Organizacja Futuro Vegetal sprzeciwia się sposobowi zarządzania pożarami, które tego lata zniszczyły tysiące hektarów ziemi w Hiszpanii. Manifestanci zostali aresztowani, a następnie zwolnieni po wpłaceniu grzywny w wysokości 600 euro.
Dwóch aktywistów z organizacji Futuro Vegetal użyło czerwonej i czarnej farby w sprayu niszcząc słynny kościół Sagrada Familia w Barcelonie, w ramach protestu przeciwko brakowi skutecznych działań władz w zarządzaniu pożarami i kryzysem klimatycznym.
Organizacja sprzeciwia się sposobowi zarządzania pożarami, które tego lata zniszczyły tysiące hektarów ziemi w Hiszpanii.
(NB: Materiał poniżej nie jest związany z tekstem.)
lemma Qword_apply:
  assumes n: "1 \<le> n"
  shows "Qword n \<alpha> f m = Qword_weight n \<alpha> m * f (Qword_shift n \<alpha> m)"
proof -
  define m1 where "m1 = m(1 := m 1 - \<alpha> n)"
  have weight: "qfall (m 1) (\<alpha> n) * (\<Prod>i\<in>{1..<n}. qfall (m (Suc i)) (\<alpha> i)) = Qword_weight n \<alpha> m"
  proof -
    have s: "{1..n} = insert 1 (Suc ` {1..<n})"
      using n by (auto simp: image_iff)
    have "(\<Prod>i\<in>Suc ` {1..<n}. qfall (m i) (\<alpha> (prevs n i))) = (\<Prod>i\<in>{1..<n}. qfall (m (Suc i)) (\<alpha> i))"
      by (subst prod.reindex) (auto simp: prevs_def)
    then show ?thesis
      unfolding Qword_weight_def s by (subst prod.insert) (auto simp: prevs_def)
  qed
  have "Qword n \<alpha> f m = qfall (m 1) (\<alpha> n) * ((\<Prod>i\<in>{1..<n}. qfall (m1 (Suc i)) (\<alpha> i)) *
       f ((chain_shift n \<alpha> 1 m1)(n := chain_shift n \<alpha> 1 m1 n + \<alpha> n)))"
    by (simp only: Qword_def comp_apply betS_pow foldr_bet_betS_pow_apply[OF order_refl n] bet_pow m1_def)
  also have "(\<Prod>i\<in>{1..<n}. qfall (m1 (Suc i)) (\<alpha> i)) = (\<Prod>i\<in>{1..<n}. qfall (m (Suc i)) (\<alpha> i))"
    by (intro prod.cong) (auto simp: m1_def)
  also have "(chain_shift n \<alpha> 1 m1)(n := chain_shift n \<alpha> 1 m1 n + \<alpha> n) = Qword_shift n \<alpha> m"
    using n by (auto simp: fun_eq_iff chain_shift_def m1_def Qword_shift_def prevs_def)
  finally show ?thesis
    by (simp add: weight[symmetric] mult.assoc)
qed

section \<open>Exchange relations of the words with the generators\<close>

lemma qfall_Suc_diff:
  "qfall x (Suc a) - qfall (Suc x) (Suc a) = - (1 - qq ^ (2 * Suc a)) * (qfall x a - qfall x (Suc a))"
proof -
  consider "a < x" | "a = x" | "x < a"
    by linarith
  then show ?thesis
  proof cases
    case 1
    have "2 * (x - a) + 2 * Suc a = 2 * Suc x"
      using 1 by simp
    then have e: "qq ^ (2 * Suc x) = qq ^ (2 * (x - a)) * qq ^ (2 * Suc a)"
      by (simp only: power_add[symmetric])
    have h1: "qfall x (Suc a) = qfall x a * (1 - qq ^ (2 * (x - a)))"
      using 1 by (simp add: qfall_Suc_right)
    have h2: "qfall (Suc x) (Suc a) = (1 - qq ^ (2 * (x - a)) * qq ^ (2 * Suc a)) * qfall x a"
      by (simp only: qfall_Suc_Suc e)
    have r: "\<And>w Q1 Q2::K. w * (1 - Q1) - (1 - Q1 * Q2) * w = - (1 - Q2) * (w - w * (1 - Q1))"
      by (simp add: algebra_simps)
    show ?thesis
      by (simp only: h1 h2 r)
  next
    case 2
    have "qfall x (Suc x) = 0"
      by (simp add: qfall_eq_0)
    then show ?thesis
      unfolding 2 by (simp only: qfall_Suc_Suc) (simp add: algebra_simps)
  qed (simp add: qfall_Suc_Suc qfall_eq_0)
qed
Manifestanci zostali aresztowani, a następnie zwolnieni po wpłaceniu grzywny w wysokości 600 euro.
Futuro Vegetal wyjaśnia, że ich akcja ma na celu potępienie "współudziału różnych rządów w pożarach, które tego lata zniszczyły Półwysep". Organizacja krytykuje również "brak działań rządu wobec kryzysu klimatycznego oraz wpływ tego kryzysu na pożary, które pustoszyły Półwysep i dużą część Europy".
Luna Lagos, rzeczniczka organizacji, wyraziła ubolewanie, że "politycy, bankierzy i dyrektorzy wielkich korporacji dalej stawiają na szali nasze życie, by pomnożyć swoje zyski". Organizacja obwinia również przemysł hodowlany o bycie pośrednią przyczyną około 70 procent pożarów lasów.
"Rządy wolą wydawać publiczne pieniądze na gospodarstwa, zamiast chronić ludzi, którzy stracili swoje domy" – twierdzi Futuro Vegetal. "Dotują ekobójcze branże z naszych podatków, jednocześnie skazując na niepewność pracownice kluczowe, takie jak strażaczki czy pracownice służby zdrowia" – czytamy w oświadczeniu.